Planes Perpendicular to same Straight Line are Parallel

Theorem

In the words of Euclid:

Planes to which the same straight line is at right angles will be parallel.

(The Elements: Book $\text{XI}$: Proposition $14$)

Proof

Let $AB$ be a straight line which is perpendicular to each of the planes $CD$ and $EF$.

It is to be demonstrated that $CD$ and $EF$ are parallel.

Suppose, to the contrary, that $CD$ and $EF$ are not parallel.

Then when produced they will meet.

From Proposition $3$ of Book $\text{XI} $: Common Section of Two Planes is Straight Line:

let the common section be the straight line $GH$.
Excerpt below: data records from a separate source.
(* There is an absolute constant $K$ such that the following holds. Let $n \ge 1$ and $0 \le c < n$ be integers, and let $(h(i))_{i \ge 0}$ be a Fibonacci-automatic sequence generated by a Fibonacci-DFAO with $m$ states. Then there is a Fibonacci-DFAO with at most $K m^2 n^4$ states generating the linear subsequence $(h(ni+c))_{i \ge 0}$.
   Context: Fibonacci numbers $F_0=0,F_1=1,F_k=F_{k-1}+F_{k-2}$; for a binary word $x=x_1\cdots x_\ell$, $[x]=\sum_j x_j F_{\ell-j+2}$; a valid Fibonacci representation is a binary word with no factor $11$ (leading zeros allowed). A Fibonacci-DFAO is a deterministic finite automaton with output $(Q,\{0,1\},\delta,q_0,\Delta,\tau)$ (partial $\delta$ allowed) reading valid Fibonacci representations most significant digit first, with output independent of leading zeros; it generates $(h(i))_{i\ge0}$ if $h(i)=\tau(\delta(q_0,x))$ for every valid $x$ with $[x]=i$. A sequence is Fibonacci-automatic if some Fibonacci-DFAO generates it. *)

theory Defs
  imports "HOL-Number_Theory.Fib"
begin

(* Binary words: True = digit 1, False = digit 0, most significant digit first. *)

definition fib_val :: "bool list \<Rightarrow> nat" where
  "fib_val x = (\<Sum>j<length x. (if x ! j then fib (length x - j + 1) else 0))"

definition fib_valid :: "bool list \<Rightarrow> bool" where
  "fib_valid x \<longleftrightarrow> (\<forall>i. Suc i < length x \<longrightarrow> \<not> (x ! i \<and> x ! Suc i))"

fun run :: "('q \<Rightarrow> bool \<Rightarrow> 'q option) \<Rightarrow> 'q \<Rightarrow> bool list \<Rightarrow> 'q option" where
  "run \<delta> q [] = Some q"
| "run \<delta> q (a # w) = (case \<delta> q a of None \<Rightarrow> None | Some q' \<Rightarrow> run \<delta> q' w)"

definition fib_dfao :: "'q set \<Rightarrow> ('q \<Rightarrow> bool \<Rightarrow> 'q option) \<Rightarrow> 'q \<Rightarrow> ('q \<Rightarrow> 'o) \<Rightarrow> bool" where
  "fib_dfao Q \<delta> q0 \<tau> \<longleftrightarrow>
     finite Q \<and> q0 \<in> Q \<and>
     (\<forall>q\<in>Q. \<forall>a q'. \<delta> q a = Some q' \<longrightarrow> q' \<in> Q) \<and>
     (\<forall>x k. fib_valid x \<longrightarrow>
        map_option \<tau> (run \<delta> q0 (replicate k False @ x)) = map_option \<tau> (run \<delta> q0 x))"

definition fib_generates :: "('q \<Rightarrow> bool \<Rightarrow> 'q option) \<Rightarrow> 'q \<Rightarrow> ('q \<Rightarrow> 'o) \<Rightarrow> (nat \<Rightarrow> 'o) \<Rightarrow> bool" where
  "fib_generates \<delta> q0 \<tau> h \<longleftrightarrow>
     (\<forall>x. fib_valid x \<longrightarrow> map_option \<tau> (run \<delta> q0 x) = Some (h (fib_val x)))"

end

theory Submission
  imports Defs "HOL-Library.Countable"
begin

(* A Myhill-Nerode argument: the subsequence is generated by an automaton whose states are the
   residual maps u \<mapsto> h(n[wu] + c) of words w, so it suffices to bound their number by
   O(m^2 n^2).  Fix j with 3n \<le> F_j \<le> 6n.  For [w] \<ge> 1 there is a valid word P for which
   d1 = n[w] - [P 0^(j+1)] and d2 = n[w0] - [P 0^(j+2)] are nonnegative and O(n); this rests on
   [x] - \<phi>[x]' lying in (-1, \<phi> - 1) for valid x, where [x]' lowers every weight F_k to F_(k-1).
   Since n[w 0^r] and [P 0^(j+1+r)] both satisfy the Fibonacci recurrence in r, we get
   n[wu] + c = [P 0^L] + off with L = j + 1 + |u| and off < 2 F_(L+1) depending only on d1, d2, u.
   So n[wu] + c is represented by P, or by the successor of P, followed by a suffix of known
   value, and the residual of w is determined by the states reached on these two prefixes, by d1,
   d2, and by three bits. *)

section \<open>Values and validity of Fibonacci words\<close>

definition fib_val_shift :: "bool list \<Rightarrow> nat" where
  "fib_val_shift x = (\<Sum>j<length x. if x ! j then fib (length x - j) else 0)"

lemma fib_val_Nil [simp]: "fib_val [] = 0"
  by (simp add: fib_val_def)

lemma fib_val_shift_Nil [simp]: "fib_val_shift [] = 0"
  by (simp add: fib_val_shift_def)

lemma fib_val_Cons: "fib_val (a # x) = (if a then fib (length x + 2) else 0) + fib_val x"
  unfolding fib_val_def length_Cons sum.lessThan_Suc_shift by (auto intro!: sum.cong)

lemma fib_val_shift_Cons:
  "fib_val_shift (a # x) = (if a then fib (length x + 1) else 0) + fib_val_shift x"
  unfolding fib_val_shift_def length_Cons sum.lessThan_Suc_shift by (auto intro!: sum.cong)

lemma fib_val_append:
  "fib_val (x @ y) = fib_val x * fib (length y + 1) + fib_val_shift x * fib (length y) + fib_val y"
proof (induction x)
  case (Cons a x)
  have "fib (length x + length y + 2) = fib (length x + 2) * fib (length y + 1) + fib (length x + 1) * fib (length y)"
    using fib_add[of "length y" "length x + 1"] by (simp add: ac_simps)
  with Cons show ?case by (simp add: fib_val_Cons fib_val_shift_Cons algebra_simps)
qed simp

lemma fib_val_snoc: "fib_val (x @ [a]) = fib_val x + fib_val_shift x + of_bool a"
  using fib_val_append[of x "[a]"] by (simp add: fib_val_Cons)

lemma fib_val_shift_snoc: "fib_val_shift (x @ [a]) = fib_val x + of_bool a"
  by (induction x) (auto simp: fib_val_shift_Cons fib_val_Cons)

lemma fib_val_replicate_append [simp]: "fib_val (replicate k False @ x) = fib_val x"
  by (induction k) (auto simp: fib_val_Cons)

lemma fib_val_replicate [simp]: "fib_val (replicate k False) = 0"
  using fib_val_replicate_append[of k "[]"] by simp

lemma fib_val_shift_replicate [simp]: "fib_val_shift (replicate k False) = 0"
  by (induction k) (simp_all add: fib_val_shift_Cons)

lemma fib_val_append_pad: "fib_val (x @ y) = fib_val (x @ replicate (length y) False) + fib_val y"
  by (simp add: fib_val_append)

lemma fib_val_append_replicate_recurrence:
  "fib_val (x @ replicate (Suc (Suc r)) False)
     = fib_val (x @ replicate (Suc r) False) + fib_val (x @ replicate r False)"
  by (simp add: fib_val_append fib_val_Cons algebra_simps)

lemma fib_val_append_replicate:
  "fib_val (x @ replicate r False) = gen_fib (fib_val x) (fib_val (x @ [False])) r"
proof (induction r rule: fib.induct)
  case (3 r)
  then show ?case
    by (simp only: fib_val_append_replicate_recurrence gen_fib_recurrence)
qed simp_all

lemma fib_val_eq_0D: "fib_val x = 0 \<Longrightarrow> x = replicate (length x) False"
proof (induction x)
  case (Cons a x)
  with fib_neq_0_nat[of "length x + 2"] show ?case
    by (auto simp: fib_val_Cons split: if_splits)
qed simp

lemma fib_valid_Cons_Cons [simp]: "fib_valid (a # b # y) \<longleftrightarrow> \<not> (a \<and> b) \<and> fib_valid (b # y)"
  unfolding fib_valid_def by (auto simp: All_less_Suc2 nth_Cons split: nat.splits)

lemma fib_valid_Nil [simp]: "fib_valid []" and fib_valid_single [simp]: "fib_valid [a]"
  by (simp_all add: fib_valid_def)

lemma fib_valid_Cons: "fib_valid (a # x) \<longleftrightarrow> fib_valid x \<and> \<not> (a \<and> x \<noteq> [] \<and> hd x)"
  by (cases x) auto

lemma fib_valid_False_Cons [simp]: "fib_valid (False # x) = fib_valid x"
  by (simp add: fib_valid_Cons)

lemma fib_valid_append: "fib_valid (x @ y) \<longleftrightarrow> fib_valid x \<and> fib_valid ((x \<noteq> [] \<and> last x) # y)"
  by (induction x) (auto simp: fib_valid_Cons)

lemma fib_valid_replicate_append [simp]: "fib_valid (replicate k False @ x) = fib_valid x"
  by (induction k) auto

lemma fib_valid_replicate [simp]: "fib_valid (replicate k False)"
  using fib_valid_replicate_append[of k "[]"] by simp

lemma fib_valid_append_replicate [simp]: "fib_valid (x @ replicate k False) = fib_valid x"
  by (cases k) (simp_all add: fib_valid_append)

lemma fib_val_less: "fib_valid x \<Longrightarrow> fib_val x < fib (length x + 2)"
proof (induction x rule: induct_list012)
  case (3 a b y)
  then show ?case
    using fib_Suc_mono[of "length y + 3"]
    by (auto simp: fib_val_Cons numeral_eq_Suc)
qed (simp_all add: fib_val_Cons numeral_eq_Suc)

lemma fib_rep_exists:
  "N < fib (L + (if b then 1 else 2)) \<Longrightarrow> \<exists>x. length x = L \<and> fib_valid (b # x) \<and> fib_val x = N"
proof (induction L arbitrary: N b)
  case 0
  then show ?case by (intro exI[of _ "[]"]) (auto simp: numeral_eq_Suc split: if_splits)
next
  case (Suc l)
  show ?case
  proof (cases "N < fib (l + 2)")
    case True
    with Suc.IH[of N False] obtain y where "length y = l" "fib_valid y" "fib_val y = N"
      by auto
    then show ?thesis
      by (intro exI[of _ "False # y"]) (simp add: fib_val_Cons)
  next
    case False
    with Suc.prems have "\<not> b" "N - fib (l + 2) < fib (l + 1)"
      by (auto simp: numeral_eq_Suc split: if_splits)
    with Suc.IH[of "N - fib (l + 2)" True] obtain y
      where "length y = l" "fib_valid (True # y)" "fib_val y = N - fib (l + 2)"
      by auto
    with False \<open>\<not> b\<close> show ?thesis
      by (intro exI[of _ "True # y"]) (simp add: fib_val_Cons)
  qed
qed

lemma less_fib_add_2: "n < fib (n + 2)"
proof (induction n)
  case (Suc n)
  with fib_neq_0_nat[of "Suc n"] show ?case by simp
qed simp

lemma fib_between:
  assumes "1 \<le> N"
  obtains j where "N \<le> fib j" "fib j \<le> 2 * N"
proof -
  define j where "j = (LEAST j. N \<le> fib j)"
  have "N \<le> fib (N + 2)"
    using less_fib_add_2 less_imp_le by blast
  then have "N \<le> fib j"
    unfolding j_def by (rule LeastI)
  moreover have "fib j \<le> 2 * N"
  proof (cases j rule: fib.cases)
    case (3 i)
    then have "fib i < N" "fib (Suc i) < N"
      using not_less_Least[of _ "\<lambda>j. N \<le> fib j"] unfolding j_def by (metis lessI less_SucI not_le)+
    then show ?thesis
      using 3 by simp
  qed (use assms in simp_all)
  ultimately show thesis
    by (rule that)
qed

lemma fib_rep_any:
  obtains x where "fib_valid x" "fib_val x = N"
  using fib_rep_exists[of N N False] less_fib_add_2[of N] by auto

lemma fib_rep_split:
  obtains P s where "fib_valid (P @ s)" "length s = k" "fib_val (P @ s) = N"
proof -
  obtain x where "fib_valid x" "fib_val x = N"
    by (rule fib_rep_any)
  moreover define x' where "x' = replicate k False @ x"
  ultimately have "fib_valid x'" "fib_val x'= N" "k \<le> length x'"
    by simp_all
  then show thesis
    by (intro that[of "take (length x' - k) x'" "drop (length x' - k) x'"]) simp_all
qed

definition fib_rep :: "bool \<Rightarrow> nat \<Rightarrow> nat \<Rightarrow> bool list" where
  "fib_rep b L N = (SOME x. length x = L \<and> fib_valid (b # x) \<and> fib_val x = N)"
Let $K$ be an arbitrary point on $GH$.

Let $AK$ and $BK$ be joined.

We have that $AB$ is perpendicular to $EF$.

So from Book $\text{XI}$ Definition $3$: Line at Right Angles to Plane:

$AB$ is perpendicular to the straight line $BK$ in the planes $EF$ produced.

Therefore $\angle ABK$ is a right angle.

For the same reason $\angle BAK$ is a right angle.

Thus, in $\triangle ABK$, there are two angles which are right angles.

From Proposition $17$ of Book $\text{I} $: Two Angles of Triangle are Less than Two Right Angles this is impossible.

Therefore $CD$ and $EF$ do not meet when produced.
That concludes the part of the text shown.